Hi all,

I don't normally post on the TLS mailing list, but there's enough, shall we
say, drama happening here that I thought my opinion worthwhile.

I support publication of this draft as an RFC.

I'm not going to engage with the political arguments made here by many.
Quite simply, I don't have the energy for more politics in my life right
now. I instead think that this document should be considered from the
perspective of what the IETF is and does.

The IETF is not a regulatory body, the IETF does not police how people use
the Internet (in spite of what RFC 8962
<https://www.rfc-editor.org/rfc/rfc8962.html> may suggest 😁). The IETF is
a place for us, as a community, to publish standards so that we all can
agree on how to talk to each other over the Internet, however we want.
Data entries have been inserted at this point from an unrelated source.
lemma dissolution_balance:
  assumes "is_dissolution V E s \<Delta> D z"
  shows "s * card D = \<Delta> * card (V - D)"
proof -
  have "s * card D = (\<Sum>d\<in>D. \<Sum>p\<in>{p\<in>Zset D V E. fst p = d}. z p)"
    using assms by (simp add: is_dissolution_def)
  also have "\<dots> = (\<Sum>v\<in>V - D. \<Sum>p\<in>{p\<in>Zset D V E. snd p = v}. z p)"
    by (rule sum_Zset_by_tail_eq_by_head)
  also have "\<dots> = \<Delta> * card (V - D)"
    using assms by (simp add: is_dissolution_def)
  finally show ?thesis .
qed

lemma flow_of_dissolution:
  assumes z: "is_dissolution V E s \<Delta> D z"
  shows "\<exists>g. is_flow (net_nodes V) Src Snk (net_cap V E s \<Delta> D) g
    \<and> flow_value (net_nodes V) Src g = int (s * card D)"
proof -
  define g where "g a b = (case (a, b) of
      (Vx x, Vx y) \<Rightarrow> if (x, y) \<in> Zset D V E then z (x, y) else 0
    | _ \<Rightarrow> net_cap V E s \<Delta> D a b)" for a b
  have cap: "\<forall>a b. g a b \<le> net_cap V E s \<Delta> D a b"
  proof (intro allI)
    fix a b
    show "g a b \<le> net_cap V E s \<Delta> D a b"
      using z unfolding g_def is_dissolution_def by (cases a; cases b) auto
  qed
  have g_Zset: "p \<in> Zset D V E \<Longrightarrow> (\<lambda>(x, y). g (Vx x) (Vx y)) p = z p" for p
    by (cases p) (simp add: g_def)
  have g_flow: "is_flow (net_nodes V) Src Snk (net_cap V E s \<Delta> D) g"
    unfolding is_flow_def
  proof (intro conjI ballI allI impI)
    show "g a b \<le> net_cap V E s \<Delta> D a b" for a b
      using cap by blast
    show "g a b = 0" if "a \<notin> net_nodes V \<or> b \<notin> net_nodes V" for a b
      using le_net_cap_zero[OF cap] net_cap_outside_nodes[OF that] by blast
    fix v assume "v \<in> net_nodes V - {Src, Snk}"
    then obtain x where v: "v = Vx x" "x \<in> V"
      unfolding net_nodes_def by auto
    show "(\<Sum>u\<in>net_nodes V. g u v) = (\<Sum>w\<in>net_nodes V. g v w)"
    proof (cases "x \<in> D")
      case True
      then show ?thesis
        using z v inflow_outflow_at_D[OF cap True]
        by (simp add: g_Zset is_dissolution_def cong: sum.cong) (simp add: g_def)
    next
      case False
      then show ?thesis
        using z v inflow_outflow_outside_D[OF cap, of x]
        by (simp add: g_Zset is_dissolution_def cong: sum.cong) (simp add: g_def)
    qed
  qed
  moreover have "(\<Sum>d\<in>D. g Src (Vx d)) = s * card D"
    by (simp add: g_def)
  ultimately show ?thesis
    by (metis flow_value_net)
qed
lemma nn_integral_abs_mult_le_mixed_norm:
  fixes A W :: "'a::euclidean_space \<times> 'a \<Rightarrow> real"
  assumes [measurable]: "A \<in> borel_measurable borel" "W \<in> borel_measurable borel"
    and B: "B \<ge> 0" "\<And>x. (\<integral>\<^sup>+y. ennreal ((W (x,y))\<^sup>2) \<partial>lborel) \<le> ennreal (B\<^sup>2)"
  shows "(\<integral>\<^sup>+p. ennreal \<bar>A p * W p\<bar> \<partial>lborel) \<le> ennreal B * (\<integral>\<^sup>+x. sqrtE (\<integral>\<^sup>+y. ennreal ((A (x,y))\<^sup>2) \<partial>lborel) \<partial>lborel)"
proof -
  have "(\<integral>\<^sup>+p. ennreal \<bar>A p * W p\<bar> \<partial>lborel) = (\<integral>\<^sup>+p. ennreal \<bar>A p * W p\<bar> \<partial>(lborel \<Otimes>\<^sub>M lborel))"
    by (simp add: lborel_prod)
  also have "\<dots> = (\<integral>\<^sup>+x. \<integral>\<^sup>+y. ennreal \<bar>A (x,y) * W (x,y)\<bar> \<partial>lborel \<partial>lborel)"
    by (rule lborel.nn_integral_fst[symmetric]) (unfold lborel_prod, simp)
  also have "\<dots> \<le> (\<integral>\<^sup>+x. sqrtE (\<integral>\<^sup>+y. ennreal ((A (x,y))\<^sup>2) \<partial>lborel) * ennreal B \<partial>lborel)"
  proof (rule nn_integral_mono)
    fix x
    have "(\<integral>\<^sup>+y. ennreal \<bar>A (x,y) * W (x,y)\<bar> \<partial>lborel) \<le> sqrtE (\<integral>\<^sup>+y. ennreal ((A (x,y))\<^sup>2) \<partial>lborel) * sqrtE (\<integral>\<^sup>+y. ennreal ((W (x,y))\<^sup>2) \<partial>lborel)"
      by (rule nn_integral_abs_mult_le_sqrtE) auto
    also have "\<dots> \<le> sqrtE (\<integral>\<^sup>+y. ennreal ((A (x,y))\<^sup>2) \<partial>lborel) * ennreal B"
      by (intro mult_left_mono) (use sqrtE_mono[OF B(2)[of x]] B(1) in auto)
    finally show "(\<integral>\<^sup>+y. ennreal \<bar>A (x,y) * W (x,y)\<bar> \<partial>lborel) \<le> sqrtE (\<integral>\<^sup>+y. ennreal ((A (x,y))\<^sup>2) \<partial>lborel) * ennreal B" .
  qed
  also have "\<dots> = ennreal B * (\<integral>\<^sup>+x. sqrtE (\<integral>\<^sup>+y. ennreal ((A (x,y))\<^sup>2) \<partial>lborel) \<partial>lborel)"
    by (subst nn_integral_multc) (auto simp: mult.commute sqrtE_def)
  finally show ?thesis .
qed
That a document is published as an RFC is not a requirement to use it, or
even an endorsement of it. Anyone is perfectly free to look at an IETF
standard, conclude it is awful, and not implement it. Equally, there are
evidently people who *do* want to pure ML-KEM key agreement in TLS, so we
better standardise how that's done before we end up with a mess of
incompatible implementations.

It is not our job in this case to judge if using pure ML-KEM or a hybrid is
a good idea or not, and the document explicitly states this, by stating it
is not an IETF recommended algorithm. Consequently, we are not here to
judge if the algorithm is a good idea, but merely if standardisation is
warranted to avoid implementation fragmentation. In this case, it is almost
trivial to conclude that it is worthwhile.